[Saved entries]
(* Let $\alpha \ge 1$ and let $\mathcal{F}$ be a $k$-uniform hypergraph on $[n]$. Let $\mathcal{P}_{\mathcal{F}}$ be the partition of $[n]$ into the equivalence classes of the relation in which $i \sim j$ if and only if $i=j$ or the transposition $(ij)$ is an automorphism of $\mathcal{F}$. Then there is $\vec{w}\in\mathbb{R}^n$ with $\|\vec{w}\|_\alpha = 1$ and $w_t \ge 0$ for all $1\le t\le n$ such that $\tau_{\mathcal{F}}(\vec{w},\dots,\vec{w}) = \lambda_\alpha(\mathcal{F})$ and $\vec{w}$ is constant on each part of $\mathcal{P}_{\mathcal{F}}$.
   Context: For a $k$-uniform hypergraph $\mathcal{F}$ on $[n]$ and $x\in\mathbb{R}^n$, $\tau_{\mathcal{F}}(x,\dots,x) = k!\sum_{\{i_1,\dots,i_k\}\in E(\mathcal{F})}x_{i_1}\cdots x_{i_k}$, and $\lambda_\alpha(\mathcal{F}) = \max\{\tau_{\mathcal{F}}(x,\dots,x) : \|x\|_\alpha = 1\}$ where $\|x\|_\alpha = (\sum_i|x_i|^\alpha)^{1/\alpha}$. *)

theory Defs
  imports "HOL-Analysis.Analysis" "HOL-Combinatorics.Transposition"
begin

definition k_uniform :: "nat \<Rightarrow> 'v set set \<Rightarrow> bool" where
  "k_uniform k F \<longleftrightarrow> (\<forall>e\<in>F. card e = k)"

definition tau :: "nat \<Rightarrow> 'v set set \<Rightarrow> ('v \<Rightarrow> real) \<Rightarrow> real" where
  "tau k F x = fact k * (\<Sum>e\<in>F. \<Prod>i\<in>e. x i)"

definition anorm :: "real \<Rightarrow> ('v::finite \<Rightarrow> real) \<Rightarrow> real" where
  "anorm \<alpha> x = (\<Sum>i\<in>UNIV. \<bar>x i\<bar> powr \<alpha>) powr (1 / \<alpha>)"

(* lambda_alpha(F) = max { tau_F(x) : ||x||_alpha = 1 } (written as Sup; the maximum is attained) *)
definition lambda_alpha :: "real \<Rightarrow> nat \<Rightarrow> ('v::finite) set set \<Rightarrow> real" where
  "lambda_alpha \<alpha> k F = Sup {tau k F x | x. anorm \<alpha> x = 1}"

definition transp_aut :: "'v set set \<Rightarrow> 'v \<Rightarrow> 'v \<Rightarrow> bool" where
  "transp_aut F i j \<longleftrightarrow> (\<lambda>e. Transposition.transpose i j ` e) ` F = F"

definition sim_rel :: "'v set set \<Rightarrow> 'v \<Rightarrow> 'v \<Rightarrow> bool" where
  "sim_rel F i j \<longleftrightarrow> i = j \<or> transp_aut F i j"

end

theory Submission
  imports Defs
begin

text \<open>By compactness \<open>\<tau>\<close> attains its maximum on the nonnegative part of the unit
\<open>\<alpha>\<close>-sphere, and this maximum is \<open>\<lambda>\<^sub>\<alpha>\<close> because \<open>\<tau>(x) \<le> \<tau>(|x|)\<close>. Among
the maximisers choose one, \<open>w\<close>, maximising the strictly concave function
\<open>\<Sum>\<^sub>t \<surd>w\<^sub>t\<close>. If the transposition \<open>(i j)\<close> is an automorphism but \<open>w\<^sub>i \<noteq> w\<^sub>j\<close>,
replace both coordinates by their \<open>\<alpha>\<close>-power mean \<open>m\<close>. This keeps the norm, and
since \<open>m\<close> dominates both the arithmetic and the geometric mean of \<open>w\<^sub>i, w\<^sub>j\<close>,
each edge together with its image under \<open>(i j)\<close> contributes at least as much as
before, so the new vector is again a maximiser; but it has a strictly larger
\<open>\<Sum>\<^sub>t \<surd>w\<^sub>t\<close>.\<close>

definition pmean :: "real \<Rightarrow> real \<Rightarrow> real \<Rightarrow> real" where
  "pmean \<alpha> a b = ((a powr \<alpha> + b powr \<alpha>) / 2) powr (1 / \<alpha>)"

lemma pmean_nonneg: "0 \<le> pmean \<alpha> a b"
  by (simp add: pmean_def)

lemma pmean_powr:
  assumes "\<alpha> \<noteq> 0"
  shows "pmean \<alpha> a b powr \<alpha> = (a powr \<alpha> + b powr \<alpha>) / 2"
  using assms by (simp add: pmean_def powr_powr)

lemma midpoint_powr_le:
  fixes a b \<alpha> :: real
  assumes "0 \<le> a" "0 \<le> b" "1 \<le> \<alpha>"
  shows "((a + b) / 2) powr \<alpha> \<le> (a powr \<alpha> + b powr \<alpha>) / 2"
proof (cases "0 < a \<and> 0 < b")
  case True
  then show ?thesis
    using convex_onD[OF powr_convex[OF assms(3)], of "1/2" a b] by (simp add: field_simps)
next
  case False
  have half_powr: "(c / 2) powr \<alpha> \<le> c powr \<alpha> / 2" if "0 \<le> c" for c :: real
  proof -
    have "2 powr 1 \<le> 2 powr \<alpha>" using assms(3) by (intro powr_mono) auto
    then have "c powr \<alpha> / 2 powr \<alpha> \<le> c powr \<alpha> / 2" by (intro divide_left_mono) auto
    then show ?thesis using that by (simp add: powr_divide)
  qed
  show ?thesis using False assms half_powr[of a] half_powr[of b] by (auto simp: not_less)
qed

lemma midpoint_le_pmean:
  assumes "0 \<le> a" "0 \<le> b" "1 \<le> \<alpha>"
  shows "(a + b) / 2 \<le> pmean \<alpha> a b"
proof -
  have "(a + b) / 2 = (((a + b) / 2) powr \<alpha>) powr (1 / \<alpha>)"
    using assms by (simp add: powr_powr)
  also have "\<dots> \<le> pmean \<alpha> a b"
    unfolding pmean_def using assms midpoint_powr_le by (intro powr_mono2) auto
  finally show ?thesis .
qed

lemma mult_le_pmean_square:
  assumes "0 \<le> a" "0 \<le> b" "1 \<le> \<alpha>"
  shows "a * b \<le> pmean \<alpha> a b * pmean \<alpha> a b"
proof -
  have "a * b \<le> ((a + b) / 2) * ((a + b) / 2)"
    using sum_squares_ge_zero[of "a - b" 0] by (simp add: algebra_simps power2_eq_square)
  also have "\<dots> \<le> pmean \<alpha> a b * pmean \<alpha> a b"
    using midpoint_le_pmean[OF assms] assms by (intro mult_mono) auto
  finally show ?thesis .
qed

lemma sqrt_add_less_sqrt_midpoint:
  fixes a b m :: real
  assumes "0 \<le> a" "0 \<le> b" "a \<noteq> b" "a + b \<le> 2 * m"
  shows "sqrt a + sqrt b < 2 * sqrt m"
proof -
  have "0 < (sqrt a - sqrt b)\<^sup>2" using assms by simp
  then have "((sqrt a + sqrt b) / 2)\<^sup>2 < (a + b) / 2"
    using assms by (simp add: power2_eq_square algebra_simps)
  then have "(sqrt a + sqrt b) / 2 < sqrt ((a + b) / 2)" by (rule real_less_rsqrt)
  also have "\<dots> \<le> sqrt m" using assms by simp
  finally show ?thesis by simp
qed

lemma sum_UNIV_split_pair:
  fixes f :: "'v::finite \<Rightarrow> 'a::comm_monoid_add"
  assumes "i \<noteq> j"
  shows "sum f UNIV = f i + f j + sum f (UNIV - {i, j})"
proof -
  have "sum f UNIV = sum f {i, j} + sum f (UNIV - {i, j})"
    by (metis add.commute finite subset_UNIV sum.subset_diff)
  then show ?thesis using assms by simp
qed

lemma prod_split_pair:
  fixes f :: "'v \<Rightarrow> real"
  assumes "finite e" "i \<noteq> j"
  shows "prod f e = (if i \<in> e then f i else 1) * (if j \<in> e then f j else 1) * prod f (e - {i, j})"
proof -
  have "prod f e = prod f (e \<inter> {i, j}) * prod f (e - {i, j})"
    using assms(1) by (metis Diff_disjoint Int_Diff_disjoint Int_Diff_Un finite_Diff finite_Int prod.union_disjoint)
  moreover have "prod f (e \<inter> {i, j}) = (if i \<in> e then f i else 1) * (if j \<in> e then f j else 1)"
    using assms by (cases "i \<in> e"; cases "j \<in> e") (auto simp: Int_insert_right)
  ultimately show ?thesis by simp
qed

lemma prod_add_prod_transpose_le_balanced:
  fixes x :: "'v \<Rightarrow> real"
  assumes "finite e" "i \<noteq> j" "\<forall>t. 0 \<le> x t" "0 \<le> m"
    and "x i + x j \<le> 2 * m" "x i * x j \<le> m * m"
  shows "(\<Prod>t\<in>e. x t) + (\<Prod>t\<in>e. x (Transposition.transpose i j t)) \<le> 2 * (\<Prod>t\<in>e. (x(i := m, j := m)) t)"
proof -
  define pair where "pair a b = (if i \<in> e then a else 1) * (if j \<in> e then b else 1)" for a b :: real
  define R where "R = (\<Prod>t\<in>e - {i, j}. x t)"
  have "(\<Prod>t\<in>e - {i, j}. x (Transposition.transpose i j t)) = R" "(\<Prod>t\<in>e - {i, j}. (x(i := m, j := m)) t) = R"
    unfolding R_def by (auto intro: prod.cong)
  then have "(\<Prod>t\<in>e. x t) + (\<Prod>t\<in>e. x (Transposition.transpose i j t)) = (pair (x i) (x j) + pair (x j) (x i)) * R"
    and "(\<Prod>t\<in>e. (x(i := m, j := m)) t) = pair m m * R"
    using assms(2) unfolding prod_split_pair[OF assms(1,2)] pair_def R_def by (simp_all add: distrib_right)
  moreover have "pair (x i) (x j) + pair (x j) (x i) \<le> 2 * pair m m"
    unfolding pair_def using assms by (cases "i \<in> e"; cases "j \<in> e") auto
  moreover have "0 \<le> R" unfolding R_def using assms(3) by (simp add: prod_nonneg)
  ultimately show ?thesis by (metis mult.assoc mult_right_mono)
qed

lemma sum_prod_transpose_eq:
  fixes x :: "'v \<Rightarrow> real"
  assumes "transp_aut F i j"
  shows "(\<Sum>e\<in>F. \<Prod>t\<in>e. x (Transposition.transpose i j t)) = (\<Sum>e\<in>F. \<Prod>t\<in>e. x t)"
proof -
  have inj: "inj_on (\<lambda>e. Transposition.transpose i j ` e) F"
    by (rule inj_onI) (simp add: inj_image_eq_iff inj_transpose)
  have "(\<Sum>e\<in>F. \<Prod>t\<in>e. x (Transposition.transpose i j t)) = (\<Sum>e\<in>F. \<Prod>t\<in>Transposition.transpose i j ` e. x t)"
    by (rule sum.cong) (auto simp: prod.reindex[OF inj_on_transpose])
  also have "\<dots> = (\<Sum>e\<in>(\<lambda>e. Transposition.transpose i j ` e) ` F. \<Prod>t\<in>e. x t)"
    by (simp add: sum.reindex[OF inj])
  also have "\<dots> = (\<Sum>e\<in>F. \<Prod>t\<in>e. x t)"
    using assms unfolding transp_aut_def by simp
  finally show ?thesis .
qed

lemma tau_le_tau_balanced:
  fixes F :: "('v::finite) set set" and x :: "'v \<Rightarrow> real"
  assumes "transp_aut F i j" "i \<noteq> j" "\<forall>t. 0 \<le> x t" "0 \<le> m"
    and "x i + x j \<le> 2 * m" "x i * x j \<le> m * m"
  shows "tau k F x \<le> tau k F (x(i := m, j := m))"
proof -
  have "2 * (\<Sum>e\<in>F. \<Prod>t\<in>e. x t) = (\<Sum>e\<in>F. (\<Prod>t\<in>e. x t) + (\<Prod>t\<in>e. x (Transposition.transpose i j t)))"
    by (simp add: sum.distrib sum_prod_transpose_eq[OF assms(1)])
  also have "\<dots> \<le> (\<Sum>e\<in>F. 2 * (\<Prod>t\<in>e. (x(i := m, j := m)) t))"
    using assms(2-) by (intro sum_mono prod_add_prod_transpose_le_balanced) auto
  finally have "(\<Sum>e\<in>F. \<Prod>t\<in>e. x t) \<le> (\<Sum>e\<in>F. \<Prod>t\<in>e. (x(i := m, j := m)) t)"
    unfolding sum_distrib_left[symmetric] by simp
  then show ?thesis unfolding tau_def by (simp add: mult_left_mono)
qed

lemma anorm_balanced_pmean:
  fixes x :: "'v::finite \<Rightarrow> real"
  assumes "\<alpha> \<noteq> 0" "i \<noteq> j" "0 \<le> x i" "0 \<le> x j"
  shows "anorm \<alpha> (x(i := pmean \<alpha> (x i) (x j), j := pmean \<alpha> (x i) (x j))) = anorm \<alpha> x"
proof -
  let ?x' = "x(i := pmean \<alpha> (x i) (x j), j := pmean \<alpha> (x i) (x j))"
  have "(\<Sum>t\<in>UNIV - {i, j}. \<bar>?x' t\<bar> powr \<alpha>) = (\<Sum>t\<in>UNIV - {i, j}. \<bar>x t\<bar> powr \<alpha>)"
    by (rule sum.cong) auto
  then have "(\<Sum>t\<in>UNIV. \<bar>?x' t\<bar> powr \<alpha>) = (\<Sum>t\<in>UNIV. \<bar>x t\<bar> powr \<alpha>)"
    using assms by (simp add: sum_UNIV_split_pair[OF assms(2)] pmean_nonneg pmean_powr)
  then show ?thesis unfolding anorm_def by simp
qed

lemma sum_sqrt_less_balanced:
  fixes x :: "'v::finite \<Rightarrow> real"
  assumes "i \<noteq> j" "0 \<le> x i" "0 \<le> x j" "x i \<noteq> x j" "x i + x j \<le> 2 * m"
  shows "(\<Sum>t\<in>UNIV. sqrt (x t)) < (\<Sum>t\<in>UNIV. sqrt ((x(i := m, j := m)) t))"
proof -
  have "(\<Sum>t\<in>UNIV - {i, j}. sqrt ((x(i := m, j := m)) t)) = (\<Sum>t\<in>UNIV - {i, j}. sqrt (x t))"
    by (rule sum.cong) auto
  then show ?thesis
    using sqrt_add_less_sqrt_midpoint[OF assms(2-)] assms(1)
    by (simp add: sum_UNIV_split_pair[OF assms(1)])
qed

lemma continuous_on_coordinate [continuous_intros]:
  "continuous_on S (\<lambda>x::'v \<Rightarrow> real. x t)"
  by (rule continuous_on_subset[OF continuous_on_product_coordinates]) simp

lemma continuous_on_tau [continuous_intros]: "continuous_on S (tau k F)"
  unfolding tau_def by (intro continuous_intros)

**REQUIREMENT:**
Of all the entries above, output exactly the lines between the one holding "theory Submission" and the one holding "the maximisers choose", inclusive.

**RESULT FOR THIS TASK:**
theory Submission
  imports Defs
begin

text \<open>By compactness \<open>\<tau>\<close> attains its maximum on the nonnegative part of the unit
\<open>\<alpha>\<close>-sphere, and this maximum is \<open>\<lambda>\<^sub>\<alpha>\<close> because \<open>\<tau>(x) \<le> \<tau>(|x|)\<close>. Among
the maximisers choose one, \<open>w\<close>, maximising the strictly concave function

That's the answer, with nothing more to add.